Gimelstob, ranked 151 in the world, outslugged the 30th-ranked Australian 7-6, 4-6,7-6 in a match lasting nearly two and a half hours to carry the US team to an unassailable 2-0 lead and a place in tomorrow's final.
"That was a big win, probably the biggest of my career so far," the New Jersey-born right-hander said after his first singles victory in Perth.
Chanda Rubin, the world No 17, who has not lost a singles tie in the eight-team tournament, had accounted for Nicole Bradtke 7-5, 6-0 to give the US team the early advantage.
Gimelstob, 19, arrived in Perth only nine hours before his first match against Guy Forget on Sunday. He was on a beach holiday in Florida when he was called up as a late replacement for Richey Reneberg, whose wife was due to give birth.
Gimelstob turned professional last June and his previous best performance was a quarter-final place at the Scottsdale tournament in the United States last year.
In the other Group A tie, the top seeds, Croatia, who lost 2-1 to the United States in a seven-hour match on Wednesday, were handed a 3-0 victory by France after Guy Forget forfeited due to blisters on his hand. Romania kept alive their chances of reaching the final with a 3-0 victory over Germany in Group B.

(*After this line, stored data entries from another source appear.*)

definition preserves :: "'a operation \<Rightarrow> 'a relation \<Rightarrow> bool" where
  "preserves F R = (case F of (n, f) \<Rightarrow> case R of (m, \<rho>) \<Rightarrow>
     (\<forall>rs. length rs = n \<and> set rs \<subseteq> \<rho> \<longrightarrow>
        map (\<lambda>i. f (map (\<lambda>r. r ! i) rs)) [0..<m] \<in> \<rho>))"

definition preserves_map :: "('a \<Rightarrow> 'a) \<Rightarrow> 'a relation \<Rightarrow> bool" where
  "preserves_map g R = (\<forall>r \<in> snd R. map g r \<in> snd R)"

definition Pol :: "'a set \<Rightarrow> 'a relation set \<Rightarrow> 'a operation set" where
  "Pol A Q = {f \<in> Op A. \<forall>R \<in> Q. preserves f R}"

definition End :: "'a set \<Rightarrow> 'a relation set \<Rightarrow> ('a \<Rightarrow> 'a) set" where
  "End A Q = {g \<in> maps A. \<forall>R \<in> Q. preserves_map g R}"

definition trl :: "'a set \<Rightarrow> 'a operation \<Rightarrow> ('a \<Rightarrow> 'a) set" where
  "trl A F = (case F of (n, f) \<Rightarrow>
     {restrict (\<lambda>x. f (as[i := x])) A | i as. i < n \<and> as \<in> tuples A n})"

definition trl_set :: "'a set \<Rightarrow> 'a operation set \<Rightarrow> ('a \<Rightarrow> 'a) set" where
  "trl_set A Fs = (\<Union>f \<in> Fs. trl A f)"

definition star :: "'a set \<Rightarrow> ('a \<Rightarrow> 'a) set \<Rightarrow> 'a operation set" where
  "star A M = {f \<in> Op A. trl A f \<subseteq> M}"

definition gQuord :: "'a set \<Rightarrow> 'a relation set" where
  "gQuord A = {(m, \<rho>). 0 < m \<and> \<rho> \<subseteq> tuples A m
     \<and> (\<forall>a \<in> A. replicate m a \<in> \<rho>)
     \<and> (\<forall>M :: nat \<Rightarrow> nat \<Rightarrow> 'a.
          (\<forall>i<m. \<forall>j<m. M i j \<in> A)
          \<and> (\<forall>i<m. map (\<lambda>j. M i j) [0..<m] \<in> \<rho>)
          \<and> (\<forall>j<m. map (\<lambda>i. M i j) [0..<m] \<in> \<rho>)
          \<longrightarrow> map (\<lambda>i. M i i) [0..<m] \<in> \<rho>)}"

definition gQuord_ops :: "'a set \<Rightarrow> 'a operation set \<Rightarrow> 'a relation set" where
  "gQuord_ops A Fs = {R \<in> gQuord A. \<forall>f \<in> Fs. preserves f R}"

definition gQuord_maps :: "'a set \<Rightarrow> ('a \<Rightarrow> 'a) set \<Rightarrow> 'a relation set" where
  "gQuord_maps A M = {R \<in> gQuord A. \<forall>g \<in> M. preserves_map g R}"

definition proj :: "'a set \<Rightarrow> nat \<Rightarrow> nat \<Rightarrow> 'a operation" where
  "proj A n i = (n, \<lambda>xs. if xs \<in> tuples A n then xs ! i else undefined)"

definition comp_op :: "'a set \<Rightarrow> 'a operation \<Rightarrow> nat \<Rightarrow> 'a operation list \<Rightarrow> 'a operation" where
  "comp_op A F k gs = (k, \<lambda>xs. if xs \<in> tuples A k
       then snd F (map (\<lambda>g. snd g xs) gs) else undefined)"

definition clone :: "'a set \<Rightarrow> 'a operation set \<Rightarrow> bool" where
  "clone A C = (C \<subseteq> Op A
     \<and> (\<forall>n i. 0 < n \<and> i < n \<longrightarrow> proj A n i \<in> C)
     \<and> (\<forall>f \<in> C. \<forall>k gs. 0 < k \<and> length gs = fst f \<and> set gs \<subseteq> C \<and> (\<forall>g \<in> set gs. fst g = k)
           \<longrightarrow> comp_op A f k gs \<in> C))"

definition monoid_on :: "'a set \<Rightarrow> ('a \<Rightarrow> 'a) set \<Rightarrow> bool" where
  "monoid_on A N = (N \<subseteq> maps A \<and> restrict id A \<in> N
     \<and> (\<forall>f \<in> N. \<forall>g \<in> N. compose A f g \<in> N))"

definition u_closure :: "'a set \<Rightarrow> ('a \<Rightarrow> 'a) set \<Rightarrow> ('a \<Rightarrow> 'a) set" where
  "u_closure A M = \<Inter>{N. M \<subseteq> N \<and> monoid_on A N \<and> clone A (star A N)}"

definition u_closed :: "'a set \<Rightarrow> ('a \<Rightarrow> 'a) set \<Rightarrow> bool" where
  "u_closed A M = (monoid_on A M \<and> u_closure A M = M)"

The top seed Thomas Muster, angered by mobile phone users, dropped a set and took more than two hours to beat Norway's Christian Ruud for a place in the quarter-finals of the Qatar Open in Doha.
The Austrian needed two hours and 13 minutes to defeat Ruud 6-2, 3-6, 7-5 and set up a last-eight match against the American Jim Courier, the eighth seed.